Folha de S. Paulo


ANÁLISE

Péssimo ator, Adam West foi o melhor Batman

Adam West, que morreu aos 88 anos, nesta sexta (9), nunca conseguiu fugir da sombra do personagem que interpretou numa das séries de TV mais populares da história. Até porque um amigo dentista implantou o símbolo do Batman, aquele morceguinho estilizado, em um dos molares do ator.

O caso dele é diferente de outros atores que ficaram famosos com um determinado personagem e depois tentaram deixá-lo para trás, buscando "novos desafios". Adam West sempre demonstrou carinho e orgulho por ter interpretado Batman em 120 episódios, entre 1966 e 1968.

Na verdade, ele tirou a sorte grande quando foi selecionado para o papel. West tinha 37 anos, sem conseguir estourar na carreira. Exibia um currículo extenso em séries televisivas muito populares, entre elas "Perry Mason", "Gunsmoke" e "A Feiticeira", mas parecia destinado a ser eterno coadjuvante.

A chance em "Batman" não veio porque tivesse mostrado alguma evolução nas pontas que conquistava nessas séries. A sorte apareceu depois que fez alguns comercias para o achocolatado Quick, da Nestlé.

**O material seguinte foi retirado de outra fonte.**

(* Let $G$ be an uncountable group of regular cardinality $\gamma$. Then the ballean $\mathcal{B}(G)$ is decomposable in a direct product, i.e. it is asymorphic to $\mathcal{B}(Z)$ for some direct product $Z=\otimes_{\lambda<\delta}(Z_\lambda,e_\lambda)$ of a pointed family of non-empty sets.
   Context: For an infinite group $G$ with identity $e$, $\mathcal{B}(G)=(G,\mathcal{F},B)$ where $\mathcal{F}=\{A\subseteq G: e\in A, |A|<|G|\}$ and $B(g,A)=gA$. For balleans $(X_1,P_1,B_1)$, $(X_2,P_2,B_2)$ (sets with families of balls $B(x,\alpha)\subseteq X$ indexed by $x\in X,\alpha\in P$), a map $f:X_1\to X_2$ is a $\prec$-mapping if for every $\alpha\in P_1$ there is $\beta\in P_2$ with $f(B_1(x,\alpha))\subseteq B_2(f(x),\beta)$ for all $x$; a bijection $f$ is an asymorphism if $f$ and $f^{-1}$ are $\prec$-mappings. Given an ordinal $\delta$ and non-empty sets $Z_\lambda$ ($\lambda<\delta$) with chosen points $e_\lambda\in Z_\lambda$, the direct product $Z=\otimes_{\lambda<\delta}(Z_\lambda,e_\lambda)$ is the set of functions $f$ on $\{\lambda:\lambda<\delta\}$ with $f(\lambda)\in Z_\lambda$ and $f(\lambda)=e_\lambda$ for all but finitely many $\lambda$; its ballean is $\mathcal{B}(Z)=(Z,\{\lambda:\lambda<\delta\},B)$ with $B(f,\lambda)=\{g\in Z: g(\lambda')=f(\lambda')\text{ for all }\lambda\le\lambda'<\delta\}$. *)

theory Defs
  imports "HOL-Algebra.Coset" "HOL-Library.Countable_Set"
begin

text \<open>A ballean is given by a support set X, a parameter set P and ball function B.\<close>

definition prec_mapping ::
  "'x set \<Rightarrow> 'p set \<Rightarrow> ('x \<Rightarrow> 'p \<Rightarrow> 'x set) \<Rightarrow>
   'y set \<Rightarrow> 'q set \<Rightarrow> ('y \<Rightarrow> 'q \<Rightarrow> 'y set) \<Rightarrow> ('x \<Rightarrow> 'y) \<Rightarrow> bool" where
  "prec_mapping X1 P1 B1 X2 P2 B2 f \<longleftrightarrow>
     (\<forall>\<alpha>\<in>P1. \<exists>\<beta>\<in>P2. \<forall>x\<in>X1. f ` (B1 x \<alpha>) \<subseteq> B2 (f x) \<beta>)"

Xinhua/Globe Photos/Zumapress
Adam West (à dir.) e Burt Ward como Batman e Robin na série da década de 1960
Adam West (à dir.) e Burt Ward como Batman e Robin na série da década de 1960

Os produtores queriam alguém desconhecido para personificar o herói do gibi. Assim, o fato de ter 12 anos de carreira sem destaque passou de algo negativo à condição de passaporte para o sucesso.

Hoje, seu personagem na TV parece muito distante da versão predominante do Batman, um herói amargo, sombrio, violento. Trata-se de um personagem de HQ que teve muitos tratamentos diferentes em cada mídia. Mesmo em apenas uma delas, o cinema, já foi apresentado de várias maneiras, dependendo do cineasta no comando da produção.

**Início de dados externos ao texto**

lemma vnorm_series_le_wnorm:
  assumes col: "\<And>i. vnorm N (\<lambda>n. U n i) \<le> w i"
    and "summable (\<lambda>i. w i * cmod (u i))" "\<forall>n<N. (\<lambda>i. U n i * u i) sums p n"
  shows "vnorm N p \<le> wnorm w u"
proof -
  define \<xi> where "\<xi> i = (\<Sum>n<N. cnj (U n i) * p n)" for i
  have "(\<lambda>i. cnj (\<xi> i) * u i) sums (\<Sum>n<N. cnj (p n) * p n)"
    unfolding \<xi>_def by (rule sums_adjoint_series[OF assms(3)])
  moreover have "cmod (cnj (\<xi> i)) \<le> vnorm N p * w i" for i
  proof -
    have "cmod (cnj (\<xi> i)) \<le> vnorm N (\<lambda>n. U n i) * vnorm N p"
      unfolding complex_mod_cnj \<xi>_def by (rule norm_inner_le_vnorm)
    also have "\<dots> \<le> w i * vnorm N p"
      by (rule mult_right_mono[OF col vnorm_nonneg])
    finally show ?thesis by (simp add: mult.commute)
  qed
  ultimately have "cmod (\<Sum>n<N. cnj (p n) * p n) \<le> vnorm N p * wnorm w u"
    using assms(2) by (intro norm_sums_le_wnorm)
  then have "vnorm N p * vnorm N p \<le> vnorm N p * wnorm w u"
    by (simp add: sum_cnj_mult_self vnorm_eq_l2_on power2_eq_square norm_mult)
  moreover have "0 \<le> wnorm w u"
    using order_trans[OF vnorm_nonneg col] assms(2) by (rule wnorm_nonneg)
  ultimately show ?thesis
    using vnorm_nonneg[of N p] by (cases "vnorm N p = 0") auto
qed

lemma UPD_eq_sums_diff:
  assumes "finite \<Delta>" "(\<lambda>i. U n i * h i) sums q" "(\<lambda>i. U n i * proj_compl \<Delta> h i) sums p"
  shows "UPD U \<Delta> h n = q - p"
proof -
  have "(\<lambda>i. U n i * h i - U n i * proj_compl \<Delta> h i) = (\<lambda>i. if i \<in> \<Delta> then U n i * h i else 0)"
    by auto
  then have "(\<lambda>i. if i \<in> \<Delta> then U n i * h i else 0) sums (q - p)"
    using sums_diff[OF assms(2,3)] by simp
  moreover have "(\<lambda>i. if i \<in> \<Delta> then U n i * h i else 0) sums UPD U \<Delta> h n"
    using sums_finite[OF assms(1), of "\<lambda>i. if i \<in> \<Delta> then U n i * h i else 0"] by (simp add: UPD_def)
  ultimately show ?thesis
    by (simp add: sums_unique2)
qed

section \<open>Restricted near-isometries and the dual certificate\<close>

lemma UstarU_PD_eq_adjoint: "UstarU_PD U N \<Delta> v i = (\<Sum>n<N. cnj (U n i) * UPD U \<Delta> v n)"
  by (simp add: UstarU_PD_def UPD_def)

lemma Aop_eq_adjoint:
  "Aop U N \<Delta> v i = (if i \<in> \<Delta> then (\<Sum>n<N. cnj (U n i) * UPD U \<Delta> v n) else 0)"
  by (simp add: Aop_def UstarU_PD_eq_adjoint)

lemma UPD_cong: "(\<And>j. j \<in> \<Delta> \<Longrightarrow> u j = v j) \<Longrightarrow> UPD U \<Delta> u = UPD U \<Delta> v"
  unfolding UPD_def by (intro ext sum.cong) auto

lemma Aop_diff: "Aop U N \<Delta> (\<lambda>j. a j - b j) i = Aop U N \<Delta> a i - Aop U N \<Delta> b i"
  by (simp add: Aop_def UstarU_PD_def sum_subtractf right_diff_distrib)

lemma Aop_as_matrix:
  "Aop U N \<Delta> v i = (if i \<in> \<Delta> then (\<Sum>j\<in>\<Delta>. (\<Sum>n<N. cnj (U n i) * U n j) * v j) else 0)"
  by (simp add: Aop_def UstarU_PD_def sum_distrib_left sum_distrib_right sum.swap[of _ \<Delta>] mult_ac)

lemma inner_UPD_eq:
  "(\<Sum>i\<in>\<Delta>. cnj (v i) * (\<Sum>n<N. cnj (U n i) * b n)) = (\<Sum>n<N. cnj (UPD U \<Delta> v n) * b n)"
  by (simp add: UPD_def sum_distrib_left sum_distrib_right sum.swap[of _ \<Delta>] mult_ac)

lemma error_bound_arith:
  fixes C \<theta> \<sigma> \<epsilon> B H L T :: real
  assumes "0 \<le> C" "\<theta> < 1" "H \<le> L + T" "L \<le> C * (\<epsilon> + T)" "(1 - \<theta>) * T \<le> B + C * \<sigma> * \<epsilon>"
  shows "H \<le> C * (1 + (C + 1) / (1 - \<theta>) * \<sigma>) * \<epsilon> + (C + 1) / (1 - \<theta>) * B"
proof -
  have "T \<le> (B + C * \<sigma> * \<epsilon>) / (1 - \<theta>)"
    using assms(2,5) by (simp add: pos_le_divide_eq mult.commute)
  then have "(C + 1) * T \<le> (C + 1) * ((B + C * \<sigma> * \<epsilon>) / (1 - \<theta>))"
    using assms(1) by (intro mult_left_mono) auto
  also have "\<dots> = (C + 1) / (1 - \<theta>) * B + C * ((C + 1) / (1 - \<theta>) * \<sigma>) * \<epsilon>"
    using assms(2) by (simp add: divide_simps) (simp add: algebra_simps)
  finally show ?thesis
    using assms(3,4) by (simp add: algebra_simps)
qed

locale near_isometry =
  fixes U :: "nat \<Rightarrow> nat \<Rightarrow> complex" and N :: nat and \<Delta> :: "nat set" and \<alpha> :: real
  assumes finite_\<Delta>: "finite \<Delta>" and \<alpha>_nonneg: "0 \<le> \<alpha>" and \<alpha>_less_1: "\<alpha> < 1"
    and near_identity: "\<forall>v. (\<forall>i. i \<notin> \<Delta> \<longrightarrow> v i = 0) \<longrightarrow>
                          l2norm (\<lambda>i. Aop U N \<Delta> v i - v i) \<le> \<alpha> * l2norm v"
begin

lemma l2_on_Aop_diff_le: "l2_on \<Delta> (\<lambda>i. Aop U N \<Delta> v i - v i) \<le> \<alpha> * l2_on \<Delta> v"
proof -
  define v' where "v' i = (if i \<in> \<Delta> then v i else 0)" for i
  have "UPD U \<Delta> v' = UPD U \<Delta> v"
    by (rule UPD_cong) (simp add: v'_def)
  then have "Aop U N \<Delta> v' = Aop U N \<Delta> v"
    by (simp add: Aop_eq_adjoint fun_eq_iff)
  moreover have "l2_on \<Delta> v' = l2_on \<Delta> v" "l2_on \<Delta> (\<lambda>i. Aop U N \<Delta> v i - v' i) = l2_on \<Delta> (\<lambda>i. Aop U N \<Delta> v i - v i)"
    by (auto simp: v'_def intro: l2_on_cong)
  moreover have "l2norm (\<lambda>i. Aop U N \<Delta> v' i - v' i) = l2_on \<Delta> (\<lambda>i. Aop U N \<Delta> v' i - v' i)"
    "l2norm v' = l2_on \<Delta> v'"
    using finite_\<Delta> by (auto simp: v'_def Aop_def intro: l2norm_eq_l2_on)
  ultimately show ?thesis
    using near_identity[rule_format, of v'] by (simp add: v'_def)
qed

lemma l2_on_Aop_le: "l2_on \<Delta> (Aop U N \<Delta> v) \<le> (1 + \<alpha>) * l2_on \<Delta> v"
  using l2_on_add_le[of \<Delta> "\<lambda>i. Aop U N \<Delta> v i - v i" v] l2_on_Aop_diff_le[of v]
  by (simp add: algebra_simps)

lemma l2_on_Aop_ge: "(1 - \<alpha>) * l2_on \<Delta> v \<le> l2_on \<Delta> (Aop U N \<Delta> v)"
  using l2_on_diff_le[of \<Delta> "Aop U N \<Delta> v" "\<lambda>i. Aop U N \<Delta> v i - v i"] l2_on_Aop_diff_le[of v]
  by (simp add: algebra_simps)

lemma C3_nonneg: "0 \<le> sqrt (1 + \<alpha>) / (1 - \<alpha>)"
  using \<alpha>_nonneg \<alpha>_less_1 by simp

lemma vnorm_UPD_le: "vnorm N (UPD U \<Delta> v) \<le> sqrt (1 + \<alpha>) * l2_on \<Delta> v"
proof -
  have "complex_of_real ((vnorm N (UPD U \<Delta> v))\<^sup>2) = (\<Sum>n<N. cnj (UPD U \<Delta> v n) * UPD U \<Delta> v n)"
    by (simp only: vnorm_eq_l2_on sum_cnj_mult_self)
  also have "\<dots> = (\<Sum>i\<in>\<Delta>. cnj (v i) * (\<Sum>n<N. cnj (U n i) * UPD U \<Delta> v n))"
    by (simp only: inner_UPD_eq)
  also have "\<dots> = (\<Sum>i\<in>\<Delta>. cnj (v i) * Aop U N \<Delta> v i)"
    by (intro sum.cong) (auto simp: Aop_eq_adjoint)
  finally have "(vnorm N (UPD U \<Delta> v))\<^sup>2 = cmod (\<Sum>i\<in>\<Delta>. cnj (v i) * Aop U N \<Delta> v i)"
    by (metis abs_power2 norm_of_real)
  also have "\<dots> \<le> l2_on \<Delta> v * l2_on \<Delta> (Aop U N \<Delta> v)"
    by (rule norm_sum_cnj_mult_le)
  also have "\<dots> \<le> l2_on \<Delta> v * ((1 + \<alpha>) * l2_on \<Delta> v)"
    by (rule mult_left_mono[OF l2_on_Aop_le l2_on_nonneg])
  also have "\<dots> = (sqrt (1 + \<alpha>) * l2_on \<Delta> v)\<^sup>2"
    using \<alpha>_nonneg by (simp add: power_mult_distrib power2_eq_square)
  finally show ?thesis
    by (rule power2_le_imp_le) (use \<alpha>_nonneg in \<open>simp add: l2_on_nonneg\<close>)
qed

lemma l2_on_adjoint_le: "l2_on \<Delta> (\<lambda>i. \<Sum>n<N. cnj (U n i) * q n) \<le> sqrt (1 + \<alpha>) * vnorm N q"
proof -
  define z where "z = (\<lambda>i. \<Sum>n<N. cnj (U n i) * q n)"
  have "complex_of_real ((l2_on \<Delta> z)\<^sup>2) = (\<Sum>i\<in>\<Delta>. cnj (z i) * z i)"
    by (simp only: sum_cnj_mult_self)
  also have "\<dots> = (\<Sum>i\<in>\<Delta>. cnj (z i) * (\<Sum>n<N. cnj (U n i) * q n))"
    by (simp only: z_def)
  also have "\<dots> = (\<Sum>n<N. cnj (UPD U \<Delta> z n) * q n)"
    by (rule inner_UPD_eq)
  finally have eq: "complex_of_real ((l2_on \<Delta> z)\<^sup>2) = (\<Sum>n<N. cnj (UPD U \<Delta> z n) * q n)" .
  have "(l2_on \<Delta> z)\<^sup>2 = cmod (complex_of_real ((l2_on \<Delta> z)\<^sup>2))"
    by (simp del: of_real_power)
  also have "\<dots> \<le> vnorm N (UPD U \<Delta> z) * vnorm N q"
    unfolding eq by (rule norm_inner_le_vnorm)
  also have "\<dots> \<le> (sqrt (1 + \<alpha>) * l2_on \<Delta> z) * vnorm N q"
    by (intro mult_right_mono vnorm_UPD_le vnorm_nonneg)
  finally have "l2_on \<Delta> z * l2_on \<Delta> z \<le> l2_on \<Delta> z * (sqrt (1 + \<alpha>) * vnorm N q)"
    by (simp add: power2_eq_square mult_ac)
  then show ?thesis
    using l2_on_nonneg[of \<Delta> z] vnorm_nonneg[of N q] \<alpha>_nonneg
    by (cases "l2_on \<Delta> z = 0") (auto simp: z_def)
qed

lemma l2_on_le_vnorm_UPD: "l2_on \<Delta> v \<le> sqrt (1 + \<alpha>) / (1 - \<alpha>) * vnorm N (UPD U \<Delta> v)"
proof -
  have "(1 - \<alpha>) * l2_on \<Delta> v \<le> l2_on \<Delta> (Aop U N \<Delta> v)"
    by (rule l2_on_Aop_ge)
  also have "\<dots> = l2_on \<Delta> (\<lambda>i. \<Sum>n<N. cnj (U n i) * UPD U \<Delta> v n)"
    by (rule l2_on_cong) (simp add: Aop_eq_adjoint)
  also have "\<dots> \<le> sqrt (1 + \<alpha>) * vnorm N (UPD U \<Delta> v)"
    by (rule l2_on_adjoint_le)
  finally show ?thesis
    using \<alpha>_less_1 by (simp add: field_simps)
qed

A aposta em 1966 foi criar um seriado com humor, violência zero e elementos visuais coloridos da então efervescente pop art (como as onomatopeias que explodiam na tela para reproduzir o som de socos e pontapés nas lutas do herói). O resultado se inseriu facilmente na iconoclastia que marcava a emergente contracultura nos anos 1960.

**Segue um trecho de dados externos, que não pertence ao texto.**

(* Fix $k\ge1$ and $\gamma>0$, and take the limit ($*$-limit) $n\to\infty$, $\theta=\theta_n\to0$ with $n\theta_n\to\gamma$. Then the following hold. (1) For every $p\le k$ and every $(k_1,\dots,k_p)\in\mathbb N^p$ with $k_1+\dots+k_p=k$, $$\mathbf P\big(\widehat K_{n,k}(1)=k_1,\dots,\widehat K_{n,k}(p)=k_p;\ P_{n,k}=p\big)\to\frac{k!}{p!}\frac{\gamma^p}{\sigma_k(\gamma)}\prod_{q=1}^p\frac{\phi_{k_q}}{k_q!}.$$ (2) For every $p\le k$, $$\mathbf P(P_{n,k}=p)\to\mathbf P^*(P_k=p):=\frac{\gamma^p}{\sigma_k(\gamma)}B_{k,p}(\phi_\bullet).$$ Equivalently, the limiting probability generating function is $\mathbf E^*(u^{P_k})=\sigma_k(\gamma u)/\sigma_k(\gamma)$, with mean $\gamma\sigma_k'(\gamma)/\sigma_k(\gamma)$. (3) The limiting conditional law is $$\frac{k!}{p!}\frac{1}{B_{k,p}(\phi_\bullet)}\prod_{q=1}^p\frac{\phi_{k_q}}{k_q!},$$ which does not depend on $\gamma$. (4) For nonnegative integers $a_1,\dots,a_k$ with $\sum_i ia_i=k$ and $p=\sum_ia_i$, $$\mathbf P\big(A_{n,k}(1)=a_1,\dots,A_{n,k}(k)=a_k;\ P_{n,k}=p\big)\to\frac{\gamma^pk!}{\sigma_k(\gamma)}\prod_{i=1}^k\frac{(\phi_i/i!)^{a_i}}{a_i!}.$$ The corresponding limiting conditional law given $P_k=p$ is $$\frac{k!}{B_{k,p}(\phi_\bullet)}\prod_{i=1}^k\frac{(\phi_i/i!)^{a_i}}{a_i!},$$ which does not depend on $\gamma$.
   Context: Let $(\phi_m)_{m\ge1}$ be nonnegative reals with $\phi_1>0$ such that $\phi(x)=\sum_{m\ge1}\phi_m x^m/m!$ has positive radius of convergence. Define $B_{k,l}(\phi_\bullet)=\frac{k!}{l!}[x^k]\phi(x)^l$, and define the polynomials $\sigma_k(\theta)=\sum_{l=1}^kB_{k,l}(\phi_\bullet)\theta^l$, i.e. $e^{\theta\phi(x)}=1+\sum_{k\ge1}\sigma_k(\theta)x^k/k!$, with $\sigma_0\equiv1$. For integers $n,k\ge1$ and $\theta>0$, let $\mathbf K_{n,k}=(K_{n,k}(1),\dots,K_{n,k}(n))$ be a random vector in $\mathbb N_0^n$ with $$\mathbf P(\mathbf K_{n,k}=(k_1,\dots,k_n))=\frac{k!}{\sigma_k(n\theta)}\prod_{m=1}^n\frac{\sigma_{k_m}(\theta)}{k_m!}\quad\text{for } k_1+\dots+k_n=k.$$ Let $P_{n,k}:=\#\{m:K_{n,k}(m)>0\}$, and let $A_{n,k}(i):=\#\{m:K_{n,k}(m)=i\}$. On the event $P_{n,k}=p$, let $(\widehat K_{n,k}(1),\dots,\widehat K_{n,k}(p))$ be the occupancies of the $p$ nonempty boxes listed in a uniformly random order (independent of everything else). Here $\mathbb N=\{1,2,\dots\}$. *)

theory Defs
  imports "HOL-Analysis.Analysis" "HOL-Computational_Algebra.Formal_Power_Series"
begin

definition phi_fps :: "(nat \<Rightarrow> real) \<Rightarrow> real fps" where
  "phi_fps \<phi> = Abs_fps (\<lambda>m. if m = 0 then 0 else \<phi> m / fact m)"

definition bellB :: "(nat \<Rightarrow> real) \<Rightarrow> nat \<Rightarrow> nat \<Rightarrow> real" where
  "bellB \<phi> k l = fact k / fact l * fps_nth (phi_fps \<phi> ^ l) k"

definition sigma :: "(nat \<Rightarrow> real) \<Rightarrow> nat \<Rightarrow> real \<Rightarrow> real" where
  "sigma \<phi> k \<theta> = (if k = 0 then 1 else (\<Sum>l=1..k. bellB \<phi> k l * \<theta> ^ l))"

text \<open>Occupancy vectors (k_1,...,k_n) in N_0^n with sum k, as lists of length n
  (box m corresponds to list index m-1).\<close>
definition comps :: "nat \<Rightarrow> nat \<Rightarrow> nat list set" where
  "comps n k = {ks. length ks = n \<and> sum_list ks = k}"

definition Kprob :: "(nat \<Rightarrow> real) \<Rightarrow> nat \<Rightarrow> nat \<Rightarrow> real \<Rightarrow> nat list \<Rightarrow> real" where
  "Kprob \<phi> n k \<theta> ks =
     (if ks \<in> comps n k
      then fact k / sigma \<phi> k (real n * \<theta>) * (\<Prod>m<n. sigma \<phi> (ks ! m) \<theta> / fact (ks ! m))
      else 0)"

definition Kev :: "(nat \<Rightarrow> real) \<Rightarrow> nat \<Rightarrow> nat \<Rightarrow> real \<Rightarrow> (nat list \<Rightarrow> bool) \<Rightarrow> real" where
  "Kev \<phi> n k \<theta> E = (\<Sum>ks\<in>comps n k. if E ks then Kprob \<phi> n k \<theta> ks else 0)"

definition nonempty_boxes :: "nat list \<Rightarrow> nat set" where
  "nonempty_boxes ks = {m. m < length ks \<and> 0 < ks ! m}"

definition Pnum :: "nat list \<Rightarrow> nat" where
  "Pnum ks = card (nonempty_boxes ks)"

definition Acount :: "nat list \<Rightarrow> nat \<Rightarrow> nat" where
  "Acount ks i = card {m. m < length ks \<and> ks ! m = i}"

text \<open>Given the occupancy vector ks, the probability that listing the nonempty boxes in a
  uniformly random order (a uniformly random enumeration js of the nonempty boxes, one of
  P! equally likely) gives the occupancy sequence kk.\<close>
definition order_prob :: "nat list \<Rightarrow> nat list \<Rightarrow> real" where
  "order_prob ks kk =
     card {js. distinct js \<and> set js = nonempty_boxes ks \<and> map (\<lambda>j. ks ! j) js = kk}
       / fact (Pnum ks)"

text \<open>P(hatK_{n,k}(1)=k_1,...,hatK_{n,k}(p)=k_p; P_{n,k}=p), p = length kk.\<close>
definition hatK_prob :: "(nat \<Rightarrow> real) \<Rightarrow> nat \<Rightarrow> nat \<Rightarrow> real \<Rightarrow> nat list \<Rightarrow> real" where
  "hatK_prob \<phi> n k \<theta> kk =
     (\<Sum>ks\<in>comps n k. if Pnum ks = length kk then Kprob \<phi> n k \<theta> ks * order_prob ks kk else 0)"

end

theory Submission
  imports Defs "HOL-Combinatorics.Multiset_Permutations"
begin

text \<open>For a composition kk = (k_1, ..., k_p) of k, the configurations whose nonempty boxes,
  read in some order, carry kk are obtained from the (n)_p injective placements of the parts,
  and all have probability k!/sigma_k(n theta) * prod_q sigma_{k_q}(theta)/k_q!. Since
  (n)_p theta^p tends to gamma^p and sigma_j(theta)/theta to phi_j, this gives (1). Every other
  event of the statement depends only on the multiset of nonzero occupancies, so its
  probability is a finite sum of the probabilities in (1): summing over all compositions with
  p parts yields the Bell polynomial B_{k,p} in (2), summing over the rearrangements of a fixed
  multiset yields the multinomial factor in (4), and (3) and the conditional part of (4) are
  quotients of these limits.\<close>

section \<open>Compositions and partial Bell polynomials\<close>

definition compositions :: "nat \<Rightarrow> nat \<Rightarrow> nat list set" where
  "compositions p k = {kk. length kk = p \<and> (\<forall>x\<in>set kk. 0 < x) \<and> sum_list kk = k}"

lemma finite_compositions: "finite (compositions p k)"
proof (rule finite_subset)
  show "compositions p k \<subseteq> {xs. set xs \<subseteq> {0..k} \<and> length xs = p}"
    unfolding compositions_def using member_le_sum_list by fastforce
qed (simp add: finite_lists_length_eq)

lemma bij_betw_Cons_compositions:
  "bij_betw (\<lambda>(i, kk). i # kk) (SIGMA i:{1..k}. compositions p (k - i)) (compositions (Suc p) k)"
  by (rule bij_betw_byWitness[where f' = "\<lambda>kk. (hd kk, tl kk)"])
     (auto simp: compositions_def length_Suc_conv)

lemma fps_nth_power_eq_sum_compositions:
  fixes f :: "'a::comm_ring_1 fps"
  assumes f0: "fps_nth f 0 = 0"
  shows "fps_nth (f ^ p) k = (\<Sum>kk\<in>compositions p k. \<Prod>j\<leftarrow>kk. fps_nth f j)"
proof (induction p arbitrary: k)
  case 0
  have "compositions 0 k = (if k = 0 then {[]} else {})"
    unfolding compositions_def by auto
  then show ?case by simp
next
  case (Suc p)
  have "fps_nth (f ^ Suc p) k = (\<Sum>i=0..k. fps_nth f i * fps_nth (f ^ p) (k - i))"
    by (simp add: fps_mult_nth)
  also have "\<dots> = (\<Sum>i=1..k. fps_nth f i * fps_nth (f ^ p) (k - i))"
    by (rule sum.mono_neutral_right) (auto simp: f0 Suc_le_eq)
  also have "\<dots> = (\<Sum>i=1..k. \<Sum>kk\<in>compositions p (k - i). \<Prod>j\<leftarrow>i # kk. fps_nth f j)"
    by (simp add: Suc sum_distrib_left)
  also have "\<dots> = (\<Sum>(i, kk)\<in>(SIGMA i:{1..k}. compositions p (k - i)). \<Prod>j\<leftarrow>i # kk. fps_nth f j)"
    by (rule sum.Sigma) (auto simp: finite_compositions)
  also have "\<dots> = (\<Sum>kk\<in>compositions (Suc p) k. \<Prod>j\<leftarrow>kk. fps_nth f j)"
    using sum.reindex_bij_betw[OF bij_betw_Cons_compositions, of "\<lambda>kk. \<Prod>j\<leftarrow>kk. fps_nth f j"]
    by (simp add: case_prod_beta')
  finally show ?case .
qed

West acertou a mão em criar um tipo nada heroico. Seu Batman não era o superdetetive dos gibis (dependia demais de um impagável batcomputador), não tinha o físico sarado (exibia uma saliente barriguinha), ficava ruborizado com o assédio da Mulher-Gato ou da Batgirl, e ainda sofria muito para educar seu pupilo Robin.

Falando em Robin, parece apenas invenção um suposto affair entre West e o ator Burt Ward, que fez o papel de Robin na série. A história ainda permanece sustentada por alguns biógrafos e é desmentida pelos dois. A dupla, vestida com aquelas malhas, era praticamente uma piada pronta, mas a amizade dos dois atores teria seguido uma rotina de excessos de bebidas e sexo livre com todas as garotas à disposição.

Durante a produção do seriado, West aproveitou uma fase de solteirice depois do segundo casamento. Só em 1970 voltaria a se casar, quando a fama conquistada na série já estava passando e ele tinha dificuldades em conseguir novos trabalhos.

Embora tenha participado de quase 200 produções para cinema e TV, West só teve protagonismo em "Batman". E a razão é simples: era um péssimo ator, como uma garimpada em seus momentos de coadjuvante antes do Homem-Morcego pode comprovar.

A partir dos anos 1970, West continuava um mau ator e, ainda por cima, ligado fortemente a um personagem conhecido por todo mundo, gente de qualquer idade. Nenhum produtor com juízo perfeito iria apostar no eterno Batman cafona da TV em outro papel.

West só teve paz de espírito e dinheiro no bolso quando parou de lutar contra o personagem. Agarrou a batcapa e pegou carona com as reinvenções sofridas pelo herói nas últimas décadas. Dublou Batman em séries de animação e games, virou figura fácil nas convenções de fãs de quadrinhos e assumiu de vez que sua carreira poderia ser resumida a isso.

Era um ótimo entrevistado, sempre disposto a relembrar bastidores da série (que foram foco de uma autobiografia em 1994), e tinha paciência para discutir sobre Batman com nerds que beijavam sua mão. Afinal, é possível discordar sobre quais diretores de cinema ou autores de quadrinhos fizeram versões melhores ou piores de Batman, mas todo mundo adora o herói que descia de batposte da mansão Wayne até a batcaverna. E esse era Adam West.